Mientras dudamos todo el tiempo de la sinceridad de las versiones oficiales en otros asuntos, hemos aceptado esta tan fácilmente que es difícil no extrañarse. Más cuando el tratamiento de la noticia en los medios de propaganda está intencionalmente dirigido a hacernos pasar página lo más pronto posible, y cuando las notas del MINFAR dejan más preguntas que respuestas.
Con pasmosa facilidad podemos intuir el engaño en lo que nos dicen sobre los “beneficios” de la dolarización o sobre la ayuda a los damnificados del último huracán (conociendo el desamparo que aún afecta a los del primero y hasta el penúltimo), sobre la falta de liquidez para adquirir alimentos y combustible pero, en cambio, aceptamos a la primera que la muerte de tantos jóvenes han sido esa casualidad y ese accidente que los militares han concluido aún sin investigar.
¿O realmente lo sucedido en Holguín es para ellos tan evidente que no es necesario esclarecer nada? Parece que tampoco hace falta castigar a los culpables de que se enviara a unos chicos inexpertos a realizar una actividad tan peligrosa como clasificar munición vencida (propia de personal experto) o para extinguir un incendio de grandes proporciones en un depósito de combustible.
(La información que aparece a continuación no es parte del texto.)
(* Let $\sigma_0\ge\sigma_1\ge\dots\ge\sigma_{r-1}>0$ with $\sum_{i=0}^{r-1}\sigma_i^2=1$ and $r\le\min(N_1-1,N_2-1)$. Then $$\sigma_0\sigma_1\,\mathbb{I}_{N_1N_2}+\sum_{i=0}^{r-1}\sum_{j=0}^{r-1}\sigma_i\sigma_j\,|i\rangle\langle j|\otimes|i\rangle\langle j|\in\mathrm{SEP}_{N_1\otimes N_2}.$$
   Context: $\mathrm{SEP}_{N_1\otimes N_2}$ is the cone of separable matrices on $\mathbb{C}^{N_1}\otimes\mathbb{C}^{N_2}$, i.e. matrices of the form $\sum_i\lambda_i|x_i\rangle\langle x_i|\otimes|y_i\rangle\langle y_i|$ with $\lambda_i\ge0$. $\{|i\rangle\}$ is the computational basis. *)

theory Defs
  imports Complex_Main
begin

text \<open>Matrices on C^N1 (x) C^N2 are represented as functions of index pairs:
  A (a,b) (c,d) is the entry in row |a>|b>, column |c>|d>, meaningful for
  a,c < N1 and b,d < N2. Vectors of C^N are functions nat => complex,
  meaningful on indices < N.\<close>

type_synonym bimat = "(nat \<times> nat) \<Rightarrow> (nat \<times> nat) \<Rightarrow> complex"

definition ketbra :: "nat \<Rightarrow> nat \<Rightarrow> nat \<Rightarrow> nat \<Rightarrow> complex" where
  "ketbra i j a c = (if a = i \<and> c = j then 1 else 0)"

definition proj :: "(nat \<Rightarrow> complex) \<Rightarrow> nat \<Rightarrow> nat \<Rightarrow> complex" where
  "proj x a c = x a * cnj (x c)"

definition tensor :: "(nat \<Rightarrow> nat \<Rightarrow> complex) \<Rightarrow> (nat \<Rightarrow> nat \<Rightarrow> complex) \<Rightarrow> bimat" where
  "tensor A B = (\<lambda>(a,b) (c,d). A a c * B b d)"

definition idm :: bimat where
  "idm = (\<lambda>p q. if p = q then 1 else 0)"

definition eq_on :: "nat \<Rightarrow> nat \<Rightarrow> bimat \<Rightarrow> bimat \<Rightarrow> bool" where
  "eq_on N1 N2 A B = (\<forall>a b c d. a < N1 \<longrightarrow> b < N2 \<longrightarrow> c < N1 \<longrightarrow> d < N2 \<longrightarrow>
      A (a,b) (c,d) = B (a,b) (c,d))"

definition SEP :: "nat \<Rightarrow> nat \<Rightarrow> bimat set" where
  "SEP N1 N2 = {A. \<exists>(m::nat) (lam::nat \<Rightarrow> real) (x::nat \<Rightarrow> nat \<Rightarrow> complex) (y::nat \<Rightarrow> nat \<Rightarrow> complex).
      (\<forall>k<m. lam k \<ge> 0) \<and>
      eq_on N1 N2 A (\<lambda>p q. \<Sum>k<m. complex_of_real (lam k) * tensor (proj (x k)) (proj (y k)) p q)}"

end

theory Submission
  imports Defs
begin

text \<open>Write the matrix as F + D. F is the average over s, u < m (m > 2 r^2) of the product
  states |x_su><x_su| (x) |y_su><y_su|, where x_su(a) = sqrt(\<sigma>_a) exp(2 \<pi> i (s a + u a^2) / m) and
  y_su is its complex conjugate. Averaging the phases kills the entry (ab, cd) unless
  a + d = b + c and a^2 + d^2 = b^2 + c^2, i.e. unless {a, d} = {b, c}; hence
  F = \<Sum> \<sigma>_i \<sigma>_j |ii><jj| + \<Sum>_(a \<noteq> b) \<sigma>_a \<sigma>_b |ab><ab|. The remainder D is diagonal with entries
  \<sigma>_0 \<sigma>_1 - \<sigma>_a \<sigma>_b \<ge> 0 (a \<noteq> b) and \<sigma>_0 \<sigma>_1, so it is a nonnegative combination of
  product basis states.\<close>

lemma SEP_intro:
  fixes m :: nat and lam :: "nat \<Rightarrow> real"
  assumes "\<forall>k<m. lam k \<ge> 0"
    and "eq_on N1 N2 A (\<lambda>p q. \<Sum>k<m. complex_of_real (lam k) * tensor (proj (x k)) (proj (y k)) p q)"
  shows "A \<in> SEP N1 N2"
  using assms unfolding SEP_def by blast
Hoy, relegadas por la fanfarria de influencers y tontos útiles, muy pocos nos estamos haciendo tales preguntas, aún a sabiendas de que las respuestas están siendo sepultadas a toda prisa, mientras somos entretenidos con el sube y baja de la tasa del dólar, el comienzo de la venta de autos y todo cuanto nos sirva para pretender que somos “normales” en un país donde unos jóvenes mueren sin que nadie se enoje o al menos encienda una vela por ellos. Con tales señales, habrá dictadura por siempre.